definition Hnorm2 :: "real \<Rightarrow> real \<Rightarrow> real \<Rightarrow> real \<Rightarrow> real \<Rightarrow> real \<Rightarrow> state \<Rightarrow> real" where
  "Hnorm2 \<rho>1 \<rho>2 k1 k2 \<alpha> L W = (case W of (u, v, U, V, \<phi>1, \<phi>2) \<Rightarrow>
       \<rho>1 * (LINT x:{-L..0}|lborel. (cmod (U x))\<^sup>2)
     + \<rho>2 * (LINT x:{0..L}|lborel. (cmod (V x))\<^sup>2)
     + k1 * (LINT x:{-L..0}|lborel. (cmod (d1 (-L) 0 u x))\<^sup>2)
     + k2 * (LINT x:{0..L}|lborel. (cmod (d1 0 L v x))\<^sup>2)
     + frakC \<alpha> * (LINT p:({-L..0} \<times> UNIV)|lborel. (cmod (\<phi>1 (fst p) (snd p)))\<^sup>2)
     + frakC \<alpha> * (LINT p:({0..L} \<times> UNIV)|lborel. (cmod (\<phi>2 (fst p) (snd p)))\<^sup>2))"

definition Hnorm :: "real \<Rightarrow> real \<Rightarrow> real \<Rightarrow> real \<Rightarrow> real \<Rightarrow> real \<Rightarrow> state \<Rightarrow> real" where
  "Hnorm \<rho>1 \<rho>2 k1 k2 \<alpha> L W = sqrt (Hnorm2 \<rho>1 \<rho>2 k1 k2 \<alpha> L W)"

definition st_add :: "state \<Rightarrow> state \<Rightarrow> state" where
  "st_add W W' = (case W of (u, v, U, V, \<phi>1, \<phi>2) \<Rightarrow> case W' of (u', v', U', V', \<psi>1, \<psi>2) \<Rightarrow>
     (\<lambda>x. u x + u' x, \<lambda>x. v x + v' x, \<lambda>x. U x + U' x, \<lambda>x. V x + V' x,
      \<lambda>x \<xi>. \<phi>1 x \<xi> + \<psi>1 x \<xi>, \<lambda>x \<xi>. \<phi>2 x \<xi> + \<psi>2 x \<xi>))"

definition st_scale :: "complex \<Rightarrow> state \<Rightarrow> state" where
  "st_scale c W = (case W of (u, v, U, V, \<phi>1, \<phi>2) \<Rightarrow>
     (\<lambda>x. c * u x, \<lambda>x. c * v x, \<lambda>x. c * U x, \<lambda>x. c * V x,
      \<lambda>x \<xi>. c * \<phi>1 x \<xi>, \<lambda>x \<xi>. c * \<phi>2 x \<xi>))"

definition st_diff :: "state \<Rightarrow> state \<Rightarrow> state" where
  "st_diff W W' = st_add W (st_scale (-1) W')"

definition Heq :: "real \<Rightarrow> real \<Rightarrow> real \<Rightarrow> real \<Rightarrow> real \<Rightarrow> real \<Rightarrow> state \<Rightarrow> state \<Rightarrow> bool" where
  "Heq \<rho>1 \<rho>2 k1 k2 \<alpha> L W W' \<longleftrightarrow>
     inH L (st_diff W W') \<and> Hnorm2 \<rho>1 \<rho>2 k1 k2 \<alpha> L (st_diff W W') = 0"

definition inDA :: "real \<Rightarrow> real \<Rightarrow> real \<Rightarrow> real \<Rightarrow> real \<Rightarrow> state \<Rightarrow> bool" where
  "inDA k1 k2 \<alpha> L \<eta> W = (case W of (u, v, U, V, \<phi>1, \<phi>2) \<Rightarrow>
     inH L W \<and> H10 L U V \<and>
     (\<exists>g1 h1 g2 h2. has_L2_deriv (-L) 0 u g1 \<and> has_L2_deriv (-L) 0 g1 h1 \<and>
                    has_L2_deriv 0 L v g2 \<and> has_L2_deriv 0 L g2 h2 \<and>
                    of_real k1 * g1 0 = of_real k2 * g2 0) \<and>
     L2on ({-L..0} \<times> UNIV) (\<lambda>(x, \<xi>). of_real \<bar>\<xi>\<bar> * \<phi>1 x \<xi>) \<and>
     L2on ({-L..0} \<times> UNIV) (\<lambda>(x, \<xi>). - of_real (\<bar>\<xi>\<bar>\<^sup>2 + \<eta>) * \<phi>1 x \<xi> + of_real (mu \<alpha> \<xi>) * U x) \<and>
     L2on ({0..L} \<times> UNIV) (\<lambda>(x, \<xi>). of_real \<bar>\<xi>\<bar> * \<phi>2 x \<xi>) \<and>
     L2on ({0..L} \<times> UNIV) (\<lambda>(x, \<xi>). - of_real (\<bar>\<xi>\<bar>\<^sup>2 + \<eta>) * \<phi>2 x \<xi> + of_real (mu \<alpha> \<xi>) * V x))"

definition Aop :: "real \<Rightarrow> real \<Rightarrow> real \<Rightarrow> real \<Rightarrow> real \<Rightarrow> real \<Rightarrow> real \<Rightarrow> state \<Rightarrow> state" where
  "Aop \<rho>1 \<rho>2 k1 k2 \<alpha> L \<eta> W = (case W of (u, v, U, V, \<phi>1, \<phi>2) \<Rightarrow>
     (U, V,
      \<lambda>x. (of_real k1 * d2 (-L) 0 u x
            - of_real (frakC \<alpha>) * (LINT \<xi>|lborel. of_real (mu \<alpha> \<xi>) * \<phi>1 x \<xi>)) / of_real \<rho>1,
      \<lambda>x. (of_real k2 * d2 0 L v x
            - of_real (frakC \<alpha>) * (LINT \<xi>|lborel. of_real (mu \<alpha> \<xi>) * \<phi>2 x \<xi>)) / of_real \<rho>2,
      \<lambda>x \<xi>. - of_real (\<bar>\<xi>\<bar>\<^sup>2 + \<eta>) * \<phi>1 x \<xi> + of_real (mu \<alpha> \<xi>) * U x,
      \<lambda>x \<xi>. - of_real (\<bar>\<xi>\<bar>\<^sup>2 + \<eta>) * \<phi>2 x \<xi> + of_real (mu \<alpha> \<xi>) * V x))"

definition op_invertible ::
  "real \<Rightarrow> real \<Rightarrow> real \<Rightarrow> real \<Rightarrow> real \<Rightarrow> real \<Rightarrow> (state \<Rightarrow> bool) \<Rightarrow> (state \<Rightarrow> state) \<Rightarrow> bool" where
  "op_invertible \<rho>1 \<rho>2 k1 k2 \<alpha> L D T \<longleftrightarrow>
     (\<forall>W W'. D W \<and> D W' \<and> Heq \<rho>1 \<rho>2 k1 k2 \<alpha> L (T W) (T W') \<longrightarrow> Heq \<rho>1 \<rho>2 k1 k2 \<alpha> L W W') \<and>
     (\<exists>C. \<forall>F. inH L F \<longrightarrow>
        (\<exists>W. D W \<and> Heq \<rho>1 \<rho>2 k1 k2 \<alpha> L (T W) F \<and>
             Hnorm \<rho>1 \<rho>2 k1 k2 \<alpha> L W \<le> C * Hnorm \<rho>1 \<rho>2 k1 k2 \<alpha> L F))"

definition resolvent_set_A :: "real \<Rightarrow> real \<Rightarrow> real \<Rightarrow> real \<Rightarrow> real \<Rightarrow> real \<Rightarrow> real \<Rightarrow> complex set" where
  "resolvent_set_A \<rho>1 \<rho>2 k1 k2 \<alpha> L \<eta> =
     {z. op_invertible \<rho>1 \<rho>2 k1 k2 \<alpha> L (inDA k1 k2 \<alpha> L \<eta>)
            (\<lambda>W. st_diff (st_scale z W) (Aop \<rho>1 \<rho>2 k1 k2 \<alpha> L \<eta> W))}"

definition spectrum_A :: "real \<Rightarrow> real \<Rightarrow> real \<Rightarrow> real \<Rightarrow> real \<Rightarrow> real \<Rightarrow> real \<Rightarrow> complex set" where
  "spectrum_A \<rho>1 \<rho>2 k1 k2 \<alpha> L \<eta> = - resolvent_set_A \<rho>1 \<rho>2 k1 k2 \<alpha> L \<eta>"

end

theory Submission
  imports Defs
begin

text \<open>Without damping (\<eta> = 0) the memory components of \<open>A W\<close> are
  \<open>-\<xi>\<^sup>2 \<phi>\<^sub>1 + \<mu>(\<xi>) U\<close>, and nothing prevents \<open>\<xi>\<^sup>2\<close> from vanishing. Take the
  right-hand side F whose only non-zero component is \<open>\<one>\<^sub>{0 < \<xi> \<le> 1}\<close> in the
  \<open>\<phi>\<^sub>1\<close> slot. If \<open>A W = F\<close> in H, the first components force \<open>U\<^sub>x = 0\<close>, so
  \<open>U = 0\<close> by the boundary condition; then \<open>|\<phi>\<^sub>1(x,\<xi>)| = \<xi>\<^sup>-\<^sup>2\<close> for
  \<open>0 < \<xi> \<le> 1\<close>, which is not square integrable. Hence F is not in the range of A,
  and the same argument for \<open>0\<cdot>I - A = -A\<close> puts 0 in the spectrum.\<close>

lemma set_integral_nonneg:
  fixes f :: "'a \<Rightarrow> real"
  assumes "\<And>x. 0 \<le> f x"
  shows "0 \<le> (LINT x:S|M. f x)"
  unfolding set_lebesgue_integral_def
  by (rule integral_nonneg_AE) (simp add: assms)

lemma AE_eq_0_if_set_integral_norm_square_eq_0:
  fixes h :: "'a \<Rightarrow> 'b::real_normed_vector"
  assumes "set_integrable M S (\<lambda>p. (norm (h p))\<^sup>2)" and "(LINT p:S|M. (norm (h p))\<^sup>2) = 0"
  shows "AE p\<in>S in M. h p = 0"
proof -
  have "AE p in M. indicator S p *\<^sub>R (norm (h p))\<^sup>2 = (0::real)"
    using assms unfolding set_integrable_def set_lebesgue_integral_def
    by (subst integral_nonneg_eq_0_iff_AE[symmetric]) (auto simp: indicator_def)
  then show ?thesis
    by eventually_elim (auto simp: indicator_def split: if_splits)
qed

lemma has_L2_deriv_d1: "H1 a b w \<Longrightarrow> has_L2_deriv a b w (d1 a b w)"
  unfolding H1_def d1_def by (metis someI_ex)

lemma H1_eq_0_if_d1_norm_eq_0:
  assumes "H1 a b w" "w a = 0" "(LINT x:{a..b}|lborel. (cmod (d1 a b w x))\<^sup>2) = 0" "x \<in> {a..b}"
  shows "w x = 0"
proof -
  have deriv: "has_L2_deriv a b w (d1 a b w)"
    using assms(1) by (rule has_L2_deriv_d1)
  then have "AE t\<in>{a..b} in lborel. d1 a b w t = 0"
    using assms(3) unfolding has_L2_deriv_def L2on_def
    by (intro AE_eq_0_if_set_integral_norm_square_eq_0) auto
  then have "(LINT t:{a..x}|lborel. d1 a b w t) = 0"
    unfolding set_lebesgue_integral_def
    by (intro integral_eq_zero_AE, eventually_elim) (use assms(4) in \<open>auto simp: indicator_def\<close>)
  then show ?thesis
    using deriv assms(2,4) unfolding has_L2_deriv_def by auto
qed

lemma emeasure_lborel_Times_interval:
  fixes a b c d :: real
  assumes "a \<le> b" "c \<le> d"
  shows "emeasure lborel ({a..b} \<times> {c<..d}) = ennreal ((b - a) * (d - c))"
proof -
  have "emeasure (lborel \<Otimes>\<^sub>M lborel) ({a..b} \<times> {c<..d}) = emeasure lborel {a..b} * emeasure lborel {c<..d}"
    by (intro sigma_finite_measure.emeasure_pair_measure_Times lborel.sigma_finite_measure_axioms) auto
  then show ?thesis
    using assms by (simp add: lborel_prod ennreal_mult)
qed

lemma set_integral_ge_measure:
  fixes f :: "'a \<Rightarrow> real"
  assumes "set_integrable M S f" "\<And>x. 0 \<le> f x"
    and "B \<subseteq> S" "B \<in> sets M" "emeasure M B < \<infinity>" "AE x\<in>B in M. c \<le> f x"
  shows "c * measure M B \<le> (LINT x:S|M. f x)"
proof -
  have "c * measure M B = (LINT x|M. c * indicator B x)"
    using assms(4,5) by (simp add: measure_def)
  also have "\<dots> \<le> (LINT x:S|M. f x)"
    unfolding set_lebesgue_integral_def
  proof (rule integral_mono_AE)
    show "integrable M (\<lambda>x. c * indicator B x)"
      using assms(4,5) by (intro integrable_mult_right integrable_real_indicator) auto
    show "integrable M (\<lambda>x. indicator S x *\<^sub>R f x)"
      using assms(1) unfolding set_integrable_def .
    show "AE x in M. c * indicator B x \<le> indicator S x *\<^sub>R f x"
      using assms(6) by eventually_elim (use assms(2,3) in \<open>auto simp: indicator_def\<close>)
  qed
  finally show ?thesis .
qed

lemma inverse_square_le_norm_square:
  fixes \<xi> y :: real and n :: nat
  assumes "0 < \<xi>" "\<xi> \<le> 1 / real n" "\<xi>\<^sup>2 * y = 1"
  shows "real n ^ 4 \<le> y\<^sup>2"
proof -
  have "real n * \<xi> \<le> 1"
    using assms(1,2) by (cases "n = 0") (auto simp: field_simps)
  then have "(real n * \<xi>)\<^sup>2 \<le> 1"
    using assms(1) by (simp add: power_le_one)
  moreover have "0 \<le> y"
    using assms by (metis zero_le_mult_iff zero_le_one zero_less_power2 less_le_not_le)
  ultimately have "(real n * \<xi>)\<^sup>2 * y \<le> y"
    by (simp add: mult_left_le_one_le)
  moreover have "(real n * \<xi>)\<^sup>2 * y = real n ^ 2 * (\<xi>\<^sup>2 * y)"
    by (simp add: power_mult_distrib ac_simps)
  ultimately have "real n ^ 2 \<le> y"
    using assms(3) by simp
  then have "(real n ^ 2)\<^sup>2 \<le> y\<^sup>2"
    by (intro power_mono) auto
  then show ?thesis
    by simp
qed

lemma not_set_integrable_inverse_square:
  fixes f :: "real \<times> real \<Rightarrow> 'a::real_normed_vector"
  assumes "a < b" and inv_square: "AE p\<in>{a..b} \<times> {0<..1} in lborel. (snd p)\<^sup>2 * norm (f p) = 1"
  shows "\<not> set_integrable lborel ({a..b} \<times> UNIV) (\<lambda>p. (norm (f p))\<^sup>2)"
proof
  assume int: "set_integrable lborel ({a..b} \<times> UNIV) (\<lambda>p. (norm (f p))\<^sup>2)"
  define I where "I = (LINT p:({a..b} \<times> UNIV)|lborel. (norm (f p))\<^sup>2)"
  have lower: "real n ^ 3 * (b - a) \<le> I" if "n > 0" for n :: nat
  proof -
    define B where "B = {a..b} \<times> {0<..1 / real n}"
    have B_sets: "B \<in> sets lborel"
      unfolding B_def by (simp add: borel_Times)
    have B_emeasure: "emeasure lborel B = ennreal ((b - a) / real n)"
      unfolding B_def using assms(1) by (simp add: emeasure_lborel_Times_interval)
    have "AE p\<in>B in lborel. real n ^ 4 \<le> (norm (f p))\<^sup>2"
      using inv_square
    proof eventually_elim
      case (elim p)
      show ?case
      proof
        assume "p \<in> B"
        moreover have "1 / real n \<le> 1"
          using that by simp
        ultimately show "real n ^ 4 \<le> (norm (f p))\<^sup>2"
          using elim unfolding B_def by (intro inverse_square_le_norm_square[where \<xi> = "snd p"]) auto
      qed
    qed
    then have "real n ^ 4 * measure lborel B \<le> I"
      unfolding I_def using int B_sets B_emeasure
      by (intro set_integral_ge_measure) (auto simp: B_def)
    moreover have "real n ^ 4 * measure lborel B = real n ^ 3 * (b - a)"
      using B_emeasure assms(1) that by (simp add: measure_def power_eq_if)
    ultimately show ?thesis
      by simp
  qed
  define n where "n = nat \<lceil>I / (b - a)\<rceil> + 1"
  have "I / (b - a) < real n"
    unfolding n_def by linarith
  then have "I < real n * (b - a)"
    using assms(1) by (simp add: pos_divide_less_eq)
  also have "\<dots> \<le> real n ^ 3 * (b - a)"
    using assms(1) by (intro mult_right_mono) (auto simp: n_def power_increasing[of 1 3, simplified])
  also have "\<dots> \<le> I"
    using lower[of n] by (simp add: n_def)
  finally show False
    by simp
qed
☆ ☆ ☆ ☆
# [What the task asks]
What you return must be the lines above that run from the line with "(mu \<alpha> \<xi>) * \<phi>1" to the line with "Hnorm \<rho>1 \<rho>2 k1 k2 \<alpha> L W \<le>", inclusive, each copied exactly.

# [The completed task]
            - of_real (frakC \<alpha>) * (LINT \<xi>|lborel. of_real (mu \<alpha> \<xi>) * \<phi>1 x \<xi>)) / of_real \<rho>1,
      \<lambda>x. (of_real k2 * d2 0 L v x
            - of_real (frakC \<alpha>) * (LINT \<xi>|lborel. of_real (mu \<alpha> \<xi>) * \<phi>2 x \<xi>)) / of_real \<rho>2,
      \<lambda>x \<xi>. - of_real (\<bar>\<xi>\<bar>\<^sup>2 + \<eta>) * \<phi>1 x \<xi> + of_real (mu \<alpha> \<xi>) * U x,
      \<lambda>x \<xi>. - of_real (\<bar>\<xi>\<bar>\<^sup>2 + \<eta>) * \<phi>2 x \<xi> + of_real (mu \<alpha> \<xi>) * V x))"

definition op_invertible ::
  "real \<Rightarrow> real \<Rightarrow> real \<Rightarrow> real \<Rightarrow> real \<Rightarrow> real \<Rightarrow> (state \<Rightarrow> bool) \<Rightarrow> (state \<Rightarrow> state) \<Rightarrow> bool" where
  "op_invertible \<rho>1 \<rho>2 k1 k2 \<alpha> L D T \<longleftrightarrow>
     (\<forall>W W'. D W \<and> D W' \<and> Heq \<rho>1 \<rho>2 k1 k2 \<alpha> L (T W) (T W') \<longrightarrow> Heq \<rho>1 \<rho>2 k1 k2 \<alpha> L W W') \<and>
     (\<exists>C. \<forall>F. inH L F \<longrightarrow>
        (\<exists>W. D W \<and> Heq \<rho>1 \<rho>2 k1 k2 \<alpha> L (T W) F \<and>
             Hnorm \<rho>1 \<rho>2 k1 k2 \<alpha> L W \<le> C * Hnorm \<rho>1 \<rho>2 k1 k2 \<alpha> L F))"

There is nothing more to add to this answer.